::: Records supplied

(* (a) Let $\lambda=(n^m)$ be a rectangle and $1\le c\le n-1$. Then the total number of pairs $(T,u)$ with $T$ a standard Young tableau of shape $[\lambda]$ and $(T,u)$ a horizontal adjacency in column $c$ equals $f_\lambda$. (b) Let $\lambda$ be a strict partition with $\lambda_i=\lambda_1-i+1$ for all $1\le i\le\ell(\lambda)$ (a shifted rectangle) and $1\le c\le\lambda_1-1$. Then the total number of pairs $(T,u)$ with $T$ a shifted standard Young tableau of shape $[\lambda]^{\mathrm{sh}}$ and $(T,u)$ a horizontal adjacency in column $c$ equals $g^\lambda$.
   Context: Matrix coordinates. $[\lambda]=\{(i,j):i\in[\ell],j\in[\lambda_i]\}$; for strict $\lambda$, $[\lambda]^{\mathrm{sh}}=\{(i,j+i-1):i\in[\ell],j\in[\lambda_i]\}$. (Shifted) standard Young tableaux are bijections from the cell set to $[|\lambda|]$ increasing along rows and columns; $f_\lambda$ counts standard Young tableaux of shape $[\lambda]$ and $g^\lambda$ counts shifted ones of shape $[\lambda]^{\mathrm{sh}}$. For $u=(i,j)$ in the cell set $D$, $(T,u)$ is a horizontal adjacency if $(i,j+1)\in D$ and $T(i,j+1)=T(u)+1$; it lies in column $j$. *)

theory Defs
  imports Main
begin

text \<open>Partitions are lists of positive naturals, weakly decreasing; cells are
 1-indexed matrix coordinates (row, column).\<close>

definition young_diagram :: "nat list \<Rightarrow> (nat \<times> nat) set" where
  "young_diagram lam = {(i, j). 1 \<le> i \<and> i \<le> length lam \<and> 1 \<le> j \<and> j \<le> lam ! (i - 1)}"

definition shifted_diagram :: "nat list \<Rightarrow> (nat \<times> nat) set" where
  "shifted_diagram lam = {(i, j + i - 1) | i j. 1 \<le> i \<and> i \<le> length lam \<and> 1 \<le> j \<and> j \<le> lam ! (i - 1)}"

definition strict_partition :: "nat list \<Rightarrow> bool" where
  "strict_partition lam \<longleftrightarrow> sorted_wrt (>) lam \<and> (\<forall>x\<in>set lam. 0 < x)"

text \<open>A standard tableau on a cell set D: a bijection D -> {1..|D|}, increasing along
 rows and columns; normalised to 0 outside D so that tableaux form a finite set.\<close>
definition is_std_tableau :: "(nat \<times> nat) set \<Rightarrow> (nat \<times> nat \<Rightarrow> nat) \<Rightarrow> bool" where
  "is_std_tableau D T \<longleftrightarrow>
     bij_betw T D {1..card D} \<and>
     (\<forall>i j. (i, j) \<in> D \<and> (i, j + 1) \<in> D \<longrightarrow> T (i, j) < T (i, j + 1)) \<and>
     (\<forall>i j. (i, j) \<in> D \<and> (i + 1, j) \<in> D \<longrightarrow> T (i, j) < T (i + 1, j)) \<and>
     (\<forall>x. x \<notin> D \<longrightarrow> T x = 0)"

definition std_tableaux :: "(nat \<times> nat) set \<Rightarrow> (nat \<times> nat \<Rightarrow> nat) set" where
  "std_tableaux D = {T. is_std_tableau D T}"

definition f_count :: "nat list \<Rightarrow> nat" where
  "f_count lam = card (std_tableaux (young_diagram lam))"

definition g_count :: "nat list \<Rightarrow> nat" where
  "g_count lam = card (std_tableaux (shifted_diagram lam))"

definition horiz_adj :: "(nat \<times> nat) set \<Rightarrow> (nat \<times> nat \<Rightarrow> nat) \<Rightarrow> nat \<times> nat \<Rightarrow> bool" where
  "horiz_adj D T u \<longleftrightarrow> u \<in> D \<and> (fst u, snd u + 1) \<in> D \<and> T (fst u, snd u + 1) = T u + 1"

::::::

**What is required**:
Restate word for word only the lines above from the line containing "j). 1 \<le> i" to the line containing "lam \<longleftrightarrow> sorted_wrt", both of them included.

**Reply to the exercise**:
  "young_diagram lam = {(i, j). 1 \<le> i \<and> i \<le> length lam \<and> 1 \<le> j \<and> j \<le> lam ! (i - 1)}"

definition shifted_diagram :: "nat list \<Rightarrow> (nat \<times> nat) set" where
  "shifted_diagram lam = {(i, j + i - 1) | i j. 1 \<le> i \<and> i \<le> length lam \<and> 1 \<le> j \<and> j \<le> lam ! (i - 1)}"

definition strict_partition :: "nat list \<Rightarrow> bool" where
  "strict_partition lam \<longleftrightarrow> sorted_wrt (>) lam \<and> (\<forall>x\<in>set lam. 0 < x)"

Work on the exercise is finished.